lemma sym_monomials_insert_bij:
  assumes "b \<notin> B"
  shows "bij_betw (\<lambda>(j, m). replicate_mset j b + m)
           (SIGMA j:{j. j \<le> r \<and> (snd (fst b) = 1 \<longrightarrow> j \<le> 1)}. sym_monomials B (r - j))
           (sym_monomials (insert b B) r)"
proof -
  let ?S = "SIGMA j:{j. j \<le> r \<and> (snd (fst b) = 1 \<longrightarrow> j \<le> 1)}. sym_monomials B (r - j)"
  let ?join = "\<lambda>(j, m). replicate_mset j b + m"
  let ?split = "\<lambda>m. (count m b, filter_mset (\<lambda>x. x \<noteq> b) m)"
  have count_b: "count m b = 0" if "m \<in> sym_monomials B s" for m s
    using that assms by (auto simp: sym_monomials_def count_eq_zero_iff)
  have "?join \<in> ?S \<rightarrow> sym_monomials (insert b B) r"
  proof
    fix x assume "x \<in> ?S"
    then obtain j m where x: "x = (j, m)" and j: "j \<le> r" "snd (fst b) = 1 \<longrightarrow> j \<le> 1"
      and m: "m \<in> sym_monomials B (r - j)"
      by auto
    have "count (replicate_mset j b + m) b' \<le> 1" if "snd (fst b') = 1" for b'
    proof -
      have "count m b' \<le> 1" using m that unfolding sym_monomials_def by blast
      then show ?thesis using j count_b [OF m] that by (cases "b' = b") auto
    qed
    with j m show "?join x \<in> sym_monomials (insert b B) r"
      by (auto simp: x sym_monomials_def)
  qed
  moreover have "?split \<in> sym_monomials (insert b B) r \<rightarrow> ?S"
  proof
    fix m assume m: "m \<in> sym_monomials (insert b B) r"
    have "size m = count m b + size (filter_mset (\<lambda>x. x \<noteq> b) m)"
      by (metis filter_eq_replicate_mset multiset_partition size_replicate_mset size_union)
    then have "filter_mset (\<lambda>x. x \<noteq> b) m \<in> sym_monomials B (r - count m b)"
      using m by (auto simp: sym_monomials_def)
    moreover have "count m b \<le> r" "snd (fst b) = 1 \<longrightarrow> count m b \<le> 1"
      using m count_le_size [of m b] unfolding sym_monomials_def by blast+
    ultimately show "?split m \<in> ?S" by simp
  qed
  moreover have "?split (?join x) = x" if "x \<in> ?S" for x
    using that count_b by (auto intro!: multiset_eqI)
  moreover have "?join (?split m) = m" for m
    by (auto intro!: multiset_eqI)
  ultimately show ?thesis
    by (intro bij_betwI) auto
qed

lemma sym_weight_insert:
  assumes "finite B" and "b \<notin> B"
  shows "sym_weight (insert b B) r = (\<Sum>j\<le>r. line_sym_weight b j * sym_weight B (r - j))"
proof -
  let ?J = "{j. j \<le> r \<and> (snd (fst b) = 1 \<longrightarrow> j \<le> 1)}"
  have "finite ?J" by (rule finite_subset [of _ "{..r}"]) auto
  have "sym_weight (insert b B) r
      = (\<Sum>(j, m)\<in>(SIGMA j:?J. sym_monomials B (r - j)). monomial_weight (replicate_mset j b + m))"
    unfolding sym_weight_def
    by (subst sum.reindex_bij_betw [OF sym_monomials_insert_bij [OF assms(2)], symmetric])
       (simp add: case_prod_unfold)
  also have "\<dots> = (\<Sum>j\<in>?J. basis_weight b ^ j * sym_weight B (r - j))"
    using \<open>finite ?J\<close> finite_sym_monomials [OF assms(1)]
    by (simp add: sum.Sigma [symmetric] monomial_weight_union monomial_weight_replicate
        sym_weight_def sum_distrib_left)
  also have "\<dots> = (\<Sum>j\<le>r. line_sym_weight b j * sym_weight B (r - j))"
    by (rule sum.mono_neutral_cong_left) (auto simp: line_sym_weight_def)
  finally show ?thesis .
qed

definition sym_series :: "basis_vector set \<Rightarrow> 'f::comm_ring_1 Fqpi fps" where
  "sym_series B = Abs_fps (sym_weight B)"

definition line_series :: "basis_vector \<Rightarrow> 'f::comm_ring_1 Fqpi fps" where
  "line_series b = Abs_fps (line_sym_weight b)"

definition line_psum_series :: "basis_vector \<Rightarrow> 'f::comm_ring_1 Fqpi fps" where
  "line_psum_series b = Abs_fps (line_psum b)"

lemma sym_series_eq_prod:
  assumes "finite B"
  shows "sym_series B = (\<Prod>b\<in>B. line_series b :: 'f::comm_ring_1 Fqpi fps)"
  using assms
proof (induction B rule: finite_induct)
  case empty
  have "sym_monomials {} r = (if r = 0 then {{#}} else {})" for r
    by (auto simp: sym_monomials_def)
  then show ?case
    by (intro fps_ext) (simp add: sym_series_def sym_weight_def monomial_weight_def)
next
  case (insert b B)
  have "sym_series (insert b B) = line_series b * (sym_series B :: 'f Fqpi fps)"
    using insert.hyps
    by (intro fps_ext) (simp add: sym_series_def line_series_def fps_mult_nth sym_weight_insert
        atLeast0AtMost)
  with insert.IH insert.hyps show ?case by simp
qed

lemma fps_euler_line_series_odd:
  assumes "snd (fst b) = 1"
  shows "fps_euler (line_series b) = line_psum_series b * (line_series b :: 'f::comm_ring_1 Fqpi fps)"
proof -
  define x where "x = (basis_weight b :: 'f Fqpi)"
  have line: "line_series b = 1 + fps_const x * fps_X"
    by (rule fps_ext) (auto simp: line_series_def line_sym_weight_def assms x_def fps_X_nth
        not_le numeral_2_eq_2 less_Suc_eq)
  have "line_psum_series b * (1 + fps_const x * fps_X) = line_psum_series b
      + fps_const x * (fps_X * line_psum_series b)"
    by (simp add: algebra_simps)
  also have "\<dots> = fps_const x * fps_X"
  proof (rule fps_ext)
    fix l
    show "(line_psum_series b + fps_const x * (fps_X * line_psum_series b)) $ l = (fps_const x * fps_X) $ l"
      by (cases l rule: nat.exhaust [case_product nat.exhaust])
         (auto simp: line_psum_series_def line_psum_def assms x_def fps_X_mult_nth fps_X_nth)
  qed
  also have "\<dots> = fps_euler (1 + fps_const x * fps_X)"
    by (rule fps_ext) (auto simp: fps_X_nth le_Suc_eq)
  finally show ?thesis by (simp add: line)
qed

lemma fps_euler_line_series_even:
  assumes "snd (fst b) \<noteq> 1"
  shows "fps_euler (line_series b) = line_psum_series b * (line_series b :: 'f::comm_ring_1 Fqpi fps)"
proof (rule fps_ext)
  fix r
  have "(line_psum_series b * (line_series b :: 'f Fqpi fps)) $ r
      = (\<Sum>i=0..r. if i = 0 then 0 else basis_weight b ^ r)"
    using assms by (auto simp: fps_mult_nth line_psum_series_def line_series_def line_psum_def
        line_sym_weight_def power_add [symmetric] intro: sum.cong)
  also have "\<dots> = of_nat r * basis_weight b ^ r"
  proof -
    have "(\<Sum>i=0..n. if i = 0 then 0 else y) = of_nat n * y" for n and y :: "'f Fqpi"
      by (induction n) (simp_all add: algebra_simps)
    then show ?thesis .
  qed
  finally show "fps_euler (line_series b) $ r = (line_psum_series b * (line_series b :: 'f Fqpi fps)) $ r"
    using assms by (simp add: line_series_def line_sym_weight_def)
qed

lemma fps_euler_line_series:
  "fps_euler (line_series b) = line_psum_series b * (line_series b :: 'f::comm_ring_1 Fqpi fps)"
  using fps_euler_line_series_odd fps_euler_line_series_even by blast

----

PROMPT:
All of the data above must be repeated exactly.

SOLVED EXERCISE:
lemma sym_monomials_insert_bij:
  assumes "b \<notin> B"
  shows "bij_betw (\<lambda>(j, m). replicate_mset j b + m)
           (SIGMA j:{j. j \<le> r \<and> (snd (fst b) = 1 \<longrightarrow> j \<le> 1)}. sym_monomials B (r - j))
           (sym_monomials (insert b B) r)"
proof -
  let ?S = "SIGMA j:{j. j \<le> r \<and> (snd (fst b) = 1 \<longrightarrow> j \<le> 1)}. sym_monomials B (r - j)"
  let ?join = "\<lambda>(j, m). replicate_mset j b + m"
  let ?split = "\<lambda>m. (count m b, filter_mset (\<lambda>x. x \<noteq> b) m)"
  have count_b: "count m b = 0" if "m \<in> sym_monomials B s" for m s
    using that assms by (auto simp: sym_monomials_def count_eq_zero_iff)
  have "?join \<in> ?S \<rightarrow> sym_monomials (insert b B) r"
  proof
    fix x assume "x \<in> ?S"
    then obtain j m where x: "x = (j, m)" and j: "j \<le> r" "snd (fst b) = 1 \<longrightarrow> j \<le> 1"
      and m: "m \<in> sym_monomials B (r - j)"
      by auto
    have "count (replicate_mset j b + m) b' \<le> 1" if "snd (fst b') = 1" for b'
    proof -
      have "count m b' \<le> 1" using m that unfolding sym_monomials_def by blast
      then show ?thesis using j count_b [OF m] that by (cases "b' = b") auto
    qed
    with j m show "?join x \<in> sym_monomials (insert b B) r"
      by (auto simp: x sym_monomials_def)
  qed
  moreover have "?split \<in> sym_monomials (insert b B) r \<rightarrow> ?S"
  proof
    fix m assume m: "m \<in> sym_monomials (insert b B) r"
    have "size m = count m b + size (filter_mset (\<lambda>x. x \<noteq> b) m)"
      by (metis filter_eq_replicate_mset multiset_partition size_replicate_mset size_union)
    then have "filter_mset (\<lambda>x. x \<noteq> b) m \<in> sym_monomials B (r - count m b)"
      using m by (auto simp: sym_monomials_def)
    moreover have "count m b \<le> r" "snd (fst b) = 1 \<longrightarrow> count m b \<le> 1"
      using m count_le_size [of m b] unfolding sym_monomials_def by blast+
    ultimately show "?split m \<in> ?S" by simp
  qed
  moreover have "?split (?join x) = x" if "x \<in> ?S" for x
    using that count_b by (auto intro!: multiset_eqI)
  moreover have "?join (?split m) = m" for m
    by (auto intro!: multiset_eqI)
  ultimately show ?thesis
    by (intro bij_betwI) auto
qed

lemma sym_weight_insert:
  assumes "finite B" and "b \<notin> B"
  shows "sym_weight (insert b B) r = (\<Sum>j\<le>r. line_sym_weight b j * sym_weight B (r - j))"
proof -
  let ?J = "{j. j \<le> r \<and> (snd (fst b) = 1 \<longrightarrow> j \<le> 1)}"
  have "finite ?J" by (rule finite_subset [of _ "{..r}"]) auto
  have "sym_weight (insert b B) r
      = (\<Sum>(j, m)\<in>(SIGMA j:?J. sym_monomials B (r - j)). monomial_weight (replicate_mset j b + m))"
    unfolding sym_weight_def
    by (subst sum.reindex_bij_betw [OF sym_monomials_insert_bij [OF assms(2)], symmetric])
       (simp add: case_prod_unfold)
  also have "\<dots> = (\<Sum>j\<in>?J. basis_weight b ^ j * sym_weight B (r - j))"
    using \<open>finite ?J\<close> finite_sym_monomials [OF assms(1)]
    by (simp add: sum.Sigma [symmetric] monomial_weight_union monomial_weight_replicate
        sym_weight_def sum_distrib_left)
  also have "\<dots> = (\<Sum>j\<le>r. line_sym_weight b j * sym_weight B (r - j))"
    by (rule sum.mono_neutral_cong_left) (auto simp: line_sym_weight_def)
  finally show ?thesis .
qed

definition sym_series :: "basis_vector set \<Rightarrow> 'f::comm_ring_1 Fqpi fps" where
  "sym_series B = Abs_fps (sym_weight B)"

definition line_series :: "basis_vector \<Rightarrow> 'f::comm_ring_1 Fqpi fps" where
  "line_series b = Abs_fps (line_sym_weight b)"

definition line_psum_series :: "basis_vector \<Rightarrow> 'f::comm_ring_1 Fqpi fps" where
  "line_psum_series b = Abs_fps (line_psum b)"

lemma sym_series_eq_prod:
  assumes "finite B"
  shows "sym_series B = (\<Prod>b\<in>B. line_series b :: 'f::comm_ring_1 Fqpi fps)"
  using assms
proof (induction B rule: finite_induct)
  case empty
  have "sym_monomials {} r = (if r = 0 then {{#}} else {})" for r
    by (auto simp: sym_monomials_def)
  then show ?case
    by (intro fps_ext) (simp add: sym_series_def sym_weight_def monomial_weight_def)
next
  case (insert b B)
  have "sym_series (insert b B) = line_series b * (sym_series B :: 'f Fqpi fps)"
    using insert.hyps
    by (intro fps_ext) (simp add: sym_series_def line_series_def fps_mult_nth sym_weight_insert
        atLeast0AtMost)
  with insert.IH insert.hyps show ?case by simp
qed

lemma fps_euler_line_series_odd:
  assumes "snd (fst b) = 1"
  shows "fps_euler (line_series b) = line_psum_series b * (line_series b :: 'f::comm_ring_1 Fqpi fps)"
proof -
  define x where "x = (basis_weight b :: 'f Fqpi)"
  have line: "line_series b = 1 + fps_const x * fps_X"
    by (rule fps_ext) (auto simp: line_series_def line_sym_weight_def assms x_def fps_X_nth
        not_le numeral_2_eq_2 less_Suc_eq)
  have "line_psum_series b * (1 + fps_const x * fps_X) = line_psum_series b
      + fps_const x * (fps_X * line_psum_series b)"
    by (simp add: algebra_simps)
  also have "\<dots> = fps_const x * fps_X"
  proof (rule fps_ext)
    fix l
    show "(line_psum_series b + fps_const x * (fps_X * line_psum_series b)) $ l = (fps_const x * fps_X) $ l"
      by (cases l rule: nat.exhaust [case_product nat.exhaust])
         (auto simp: line_psum_series_def line_psum_def assms x_def fps_X_mult_nth fps_X_nth)
  qed
  also have "\<dots> = fps_euler (1 + fps_const x * fps_X)"
    by (rule fps_ext) (auto simp: fps_X_nth le_Suc_eq)
  finally show ?thesis by (simp add: line)
qed

lemma fps_euler_line_series_even:
  assumes "snd (fst b) \<noteq> 1"
  shows "fps_euler (line_series b) = line_psum_series b * (line_series b :: 'f::comm_ring_1 Fqpi fps)"
proof (rule fps_ext)
  fix r
  have "(line_psum_series b * (line_series b :: 'f Fqpi fps)) $ r
      = (\<Sum>i=0..r. if i = 0 then 0 else basis_weight b ^ r)"
    using assms by (auto simp: fps_mult_nth line_psum_series_def line_series_def line_psum_def
        line_sym_weight_def power_add [symmetric] intro: sum.cong)
  also have "\<dots> = of_nat r * basis_weight b ^ r"
  proof -
    have "(\<Sum>i=0..n. if i = 0 then 0 else y) = of_nat n * y" for n and y :: "'f Fqpi"
      by (induction n) (simp_all add: algebra_simps)
    then show ?thesis .
  qed
  finally show "fps_euler (line_series b) $ r = (line_psum_series b * (line_series b :: 'f Fqpi fps)) $ r"
    using assms by (simp add: line_series_def line_sym_weight_def)
qed

lemma fps_euler_line_series:
  "fps_euler (line_series b) = line_psum_series b * (line_series b :: 'f::comm_ring_1 Fqpi fps)"
  using fps_euler_line_series_odd fps_euler_line_series_even by blast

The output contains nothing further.